最近、住宅価格が大きく上昇した京畿道(キョンギド)の華城市東灘区(ファソンシ・トンタング)、龍仁市器興区(ヨンインシ・キフング)、九里市(クリシ)の3地域が、規制地域(投機過熱地区・調整対象地域)と土地取引許可区域(土地取引規制区域)に指定された。半導体産業や株式市場の好況による流動性の増加に加え、非規制地域へのバルーン効果が重なって住宅価格が急騰したことを受け、狙いを絞った規制に乗り出したものとみられる。
国土交通部は30日、華城市東灘区など京畿道内3地域を新たに規制地域と土地取引規制区域に指定すると発表した。これにより、規制対象地域は従来のソウル全域と京畿道12地域から、ソウル全域と京畿道15地域へと拡大される。新たな規制地域の効力は7月1日に発生する。土地取引規制区域の指定期間は7月5日から2027年12月31日まで。
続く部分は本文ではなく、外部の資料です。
lemma AE_frequently_imp_hit_window:
  assumes "AE \<omega> in choice_space A. \<exists>\<^sub>F i in sequentially. G (run_of A w \<omega> i) (w i) (run_of A w \<omega> (Suc i))"
    and "0 < e"
  shows "\<exists>K. 1 - e < measure (choice_space A) (hit_event A G w {s..<s + K})"
proof -
  interpret prob_space "choice_space A"
    by (rule prob_space_choice_space)
  have "incseq (\<lambda>K. hit_event A G w {s..<s + K})"
    by (auto simp: incseq_def hit_event_def)
  then have "(\<lambda>K. prob (hit_event A G w {s..<s + K})) \<longlonglongrightarrow> prob (\<Union>K. hit_event A G w {s..<s + K})"
    by (intro finite_Lim_measure_incseq) (auto simp: hit_event_in_sets)
  also have "(\<Union>K. hit_event A G w {s..<s + K}) = hit_event A G w {s..}"
    by (auto simp: hit_event_def) (metis add_Suc_right atLeastLessThan_iff le_add_diff_inverse less_Suc_eq)
  also have "prob (hit_event A G w {s..}) = 1"
  proof -
    from assms(1) have "AE \<omega> in choice_space A. \<omega> \<in> hit_event A G w {s..}"
      by eventually_elim (auto simp: hit_event_def frequently_sequentially)
    then show ?thesis
      using AE_in_set_eq_1[OF hit_event_in_sets] by blast
  qed
  finally have "\<forall>\<^sub>F K in sequentially. 1 - e < prob (hit_event A G w {s..<s + K})"
    by (rule order_tendstoD) (use assms(2) in simp)
  then show ?thesis
    by (auto dest: eventually_happens)
qed

lemma AE_frequently_diagonal_word:
  fixes A :: "'s pwa" and G :: "nat \<Rightarrow> 's \<Rightarrow> nat \<Rightarrow> bool" and x y :: 's
  assumes eventually_y: "\<And>v. (\<forall>\<^sub>F i in sequentially. v i = y) \<Longrightarrow>
      AE \<omega> in choice_space A. \<exists>\<^sub>F i in sequentially. G (run_of A v \<omega> i) (v i) (run_of A v \<omega> (Suc i))"
  shows "\<exists>w. (\<exists>\<^sub>F i in sequentially. w i = x) \<and>
      (AE \<omega> in choice_space A. \<exists>\<^sub>F i in sequentially. G (run_of A w \<omega> i) (w i) (run_of A w \<omega> (Suc i)))"
proof -
  interpret prob_space "choice_space A"
    by (rule prob_space_choice_space)
  have "\<exists>K. 1 - 1 / real (Suc (length p)) < prob (hit_event A G (padded y p) {length p..<length p + K})" for p
    by (rule AE_frequently_imp_hit_window[OF eventually_y[OF eventually_padded]]) simp
  then obtain K where K: "\<And>p. 1 - 1 / real (Suc (length p)) <
      prob (hit_event A G (padded y p) {length p..<length p + K p})"
    by metis
  let ?p = "diagonal_prefix K x y" and ?w = "diagonal_word K x y"
  have "AE \<omega> in choice_space A. \<omega> \<in> hit_event A G ?w {J..}" for J
  proof (rule AE_prob_1, rule antisym[OF prob_le_1], rule one_le_of_ge_one_minus_inverse_Suc)
    fix j assume "J \<le> j"
    let ?window = "{length (?p j)..<length (?p j) + K (?p j)}"
    have "hit_event A G ?w ?window = hit_event A G (padded y (?p j)) ?window"
      by (rule hit_event_cong[OF diagonal_word_eq_padded]) auto
    then have "1 - 1 / real (Suc (length (?p j))) < prob (hit_event A G ?w ?window)"
      using K by simp
    moreover have "1 / real (Suc (length (?p j))) \<le> 1 / real (Suc j)"
      using length_diagonal_prefix[of j K x y] by (intro frac_le) simp_all
    moreover have "prob (hit_event A G ?w ?window) \<le> prob (hit_event A G ?w {J..})"
      by (rule finite_measure_mono[OF _ hit_event_in_sets])
        (use \<open>J \<le> j\<close> length_diagonal_prefix[of j K x y] in \<open>auto simp: hit_event_def\<close>)
    ultimately show "1 - 1 / real (Suc j) \<le> prob (hit_event A G ?w {J..})"
      by linarith
  qed
  then have "AE \<omega> in choice_space A. \<forall>J. \<omega> \<in> hit_event A G ?w {J..}"
    by (simp add: AE_all_countable)
  then have "AE \<omega> in choice_space A. \<exists>\<^sub>F i in sequentially. G (run_of A ?w \<omega> i) (?w i) (run_of A ?w \<omega> (Suc i))"
    by eventually_elim (auto simp: hit_event_def frequently_sequentially)
  with frequently_diagonal_word[of K x y] show ?thesis
    by blast
qed

lemma L_as_LimSupV_ne_complement_letter_a:
  fixes B :: "ab pwa"
  assumes "wf_pwa B"
  shows "(\<lambda>w. L_as B LimSupV w) \<noteq> (\<lambda>w. 1 - L_as (letter_pwa a) LimSupV w)"
proof
  assume "(\<lambda>w. L_as B LimSupV w) = (\<lambda>w. 1 - L_as (letter_pwa a) LimSupV w)"
  then have L_B: "L_as B LimSupV w = (if \<exists>\<^sub>F i in sequentially. w i = a then 0 else 1)" for w
    by (simp add: fun_eq_iff L_as_letter_pwa_LimSupV)
  let ?G = "\<lambda>q \<sigma> q'. 1 / 2 < real_of_rat (weight B q \<sigma> q')"
  have eventually_b_AE: "AE \<omega> in choice_space B. \<exists>\<^sub>F i in sequentially. ?G (run_of B v \<omega> i) (v i) (run_of B v \<omega> (Suc i))"
    if "\<forall>\<^sub>F i in sequentially. v i = b" for v
  proof -
    have "3 / 4 < L_as B LimSupV v"
      using that L_B[of v] by (simp add: not_frequently_a_iff[symmetric])
    then have "AE \<omega> in choice_space B. ereal (3 / 4) \<le> run_value B LimSupV v \<omega>"
      by (rule L_as_gt_imp_AE[OF assms value_function_LimSupV])
    then show ?thesis
    proof eventually_elim
      fix \<omega> assume "ereal (3 / 4) \<le> run_value B LimSupV v \<omega>"
      then have "ereal (1 / 2) < limsup (\<lambda>n. ereal (weight_seq B v (run_of B v \<omega>) n))"
        unfolding LimSupV_def by (rule less_le_trans[rotated]) simp
      then show "\<exists>\<^sub>F i in sequentially. ?G (run_of B v \<omega> i) (v i) (run_of B v \<omega> (Suc i))"
        by (auto simp: weight_seq_def dest: less_LimsupD)
    qed
  qed
  obtain w where frequently_a: "\<exists>\<^sub>F i in sequentially. w i = a"
    and AE_G: "AE \<omega> in choice_space B. \<exists>\<^sub>F i in sequentially. ?G (run_of B w \<omega> i) (w i) (run_of B w \<omega> (Suc i))"
    using AE_frequently_diagonal_word[where x=a, OF eventually_b_AE] by blast
  from AE_G have "AE \<omega> in choice_space B. ereal (1 / 2) \<le> run_value B LimSupV w \<omega>"
  proof (rule eventually_mono)
    fix \<omega> assume "\<exists>\<^sub>F i in sequentially. ?G (run_of B w \<omega> i) (w i) (run_of B w \<omega> (Suc i))"
    then have "\<exists>\<^sub>F i in sequentially. ereal (1 / 2) \<le> ereal (weight_seq B w (run_of B w \<omega>) i)"
      by (rule frequently_elim1) (simp add: weight_seq_def)
    then show "ereal (1 / 2) \<le> run_value B LimSupV w \<omega>"
      unfolding LimSupV_def by (rule frequently_le_imp_le_Limsup)
  qed
  then have "1 / 2 \<le> L_as B LimSupV w"
    by (rule AE_imp_le_L_as[OF assms value_function_LimSupV])
  with L_B[of w] frequently_a show False
    by simp
qed

lemma L_pos_LimInfV_ne_complement_letter_b:
  fixes B :: "ab pwa"
  assumes "wf_pwa B"
  shows "(\<lambda>w. L_pos B LimInfV w) \<noteq> (\<lambda>w. 1 - L_pos (letter_pwa b) LimInfV w)"
proof
  assume "(\<lambda>w. L_pos B LimInfV w) = (\<lambda>w. 1 - L_pos (letter_pwa b) LimInfV w)"
  then have L_B: "L_pos B LimInfV w = (if \<forall>\<^sub>F i in sequentially. w i = b then 0 else 1)" for w
    by (simp add: fun_eq_iff L_pos_letter_pwa_LimInfV)
  let ?G = "\<lambda>q \<sigma> q'. real_of_rat (weight B q \<sigma> q') < 1 / 2"
  have eventually_b_AE: "AE \<omega> in choice_space B. \<exists>\<^sub>F i in sequentially. ?G (run_of B v \<omega> i) (v i) (run_of B v \<omega> (Suc i))"
    if "\<forall>\<^sub>F i in sequentially. v i = b" for v
  proof -
    have "AE \<omega> in choice_space B. run_value B LimInfV v \<omega> < ereal (1 / 2)"
    proof (rule ccontr)
      assume "\<not> ?thesis"
      then have "1 / 2 \<le> L_pos B LimInfV v"
        by (rule not_AE_imp_le_L_pos[OF assms value_function_LimInfV])
      with L_B[of v] that show False
        by simp
    qed
    then show ?thesis
    proof eventually_elim
      fix \<omega> assume "run_value B LimInfV v \<omega> < ereal (1 / 2)"
      then show "\<exists>\<^sub>F i in sequentially. ?G (run_of B v \<omega> i) (v i) (run_of B v \<omega> (Suc i))"
        by (auto simp: LimInfV_def weight_seq_def dest: Liminf_lessD)
    qed
  qed
  obtain w where frequently_a: "\<exists>\<^sub>F i in sequentially. w i = a"
    and AE_G: "AE \<omega> in choice_space B. \<exists>\<^sub>F i in sequentially. ?G (run_of B w \<omega> i) (w i) (run_of B w \<omega> (Suc i))"
    using AE_frequently_diagonal_word[where x=a, OF eventually_b_AE] by blast
  from AE_G have "AE \<omega> in choice_space B. run_value B LimInfV w \<omega> < ereal (3 / 4)"
  proof (rule eventually_mono)
    fix \<omega> assume "\<exists>\<^sub>F i in sequentially. ?G (run_of B w \<omega> i) (w i) (run_of B w \<omega> (Suc i))"
    then have "\<exists>\<^sub>F i in sequentially. ereal (weight_seq B w (run_of B w \<omega>) i) \<le> ereal (1 / 2)"
      by (rule frequently_elim1) (simp add: weight_seq_def)
    then have "liminf (\<lambda>n. ereal (weight_seq B w (run_of B w \<omega>) n)) \<le> ereal (1 / 2)"
      by (rule frequently_le_imp_Liminf_le)
    then show "run_value B LimInfV w \<omega> < ereal (3 / 4)"
      unfolding LimInfV_def by (rule le_less_trans) simp
  qed
  moreover have "3 / 4 < L_pos B LimInfV w"
    using L_B[of w] frequently_a by (simp add: not_frequently_a_iff[symmetric])
  ultimately show False
    using L_pos_gt_imp_not_AE[OF assms value_function_LimInfV] by blast
qed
規制地域では、無住宅世帯の住宅担保認定比率(LTV)の上限が従来の70%から40%へと引き下げられる。住宅保有者にはLTV0%が適用されるため、住宅担保ローンを受けられなくなる。複数住宅保有者に対する譲渡所得税が最大30%ポイント上乗せされるなど、税制も強化される。土地取引規制区域では、新築マンションの取得日から2年間の実居住義務が課される。ただし、既存の実居住義務緩和策は同様に適用されるため、賃借人がいるマンションを無住宅世帯が購入し、今年末までに土地取引許可を受けた場合は、実居住義務が最長2年間猶予される。
政府が規制に踏み切ったのは、最近、これらの地域の住宅価格が急騰しているためだ。華城・東灘のマンション価格は6月だけで1.62%上昇し、九里市と龍仁・器興もそれぞれ1.27%、1.06%上昇した。華城・東灘と龍仁・器興では、最近の半導体産業の好況や首都圏広域急行鉄道(GTX)A路線の開通などを背景に、住宅価格上昇への期待が高まっている。九里市ではソウルに隣接する駅周辺の需要を背景に価格上昇が続いている。霊山(ヨンサン)大学不動産学科の徐廷烈(ソ・ジョンヨル)教授は、「住宅価格の上昇に伴う投機を抑える効果はあるだろうが、半導体景気の恩恵を受ける周辺の非規制地域へバルーン効果が広がる可能性がある」と指摘した。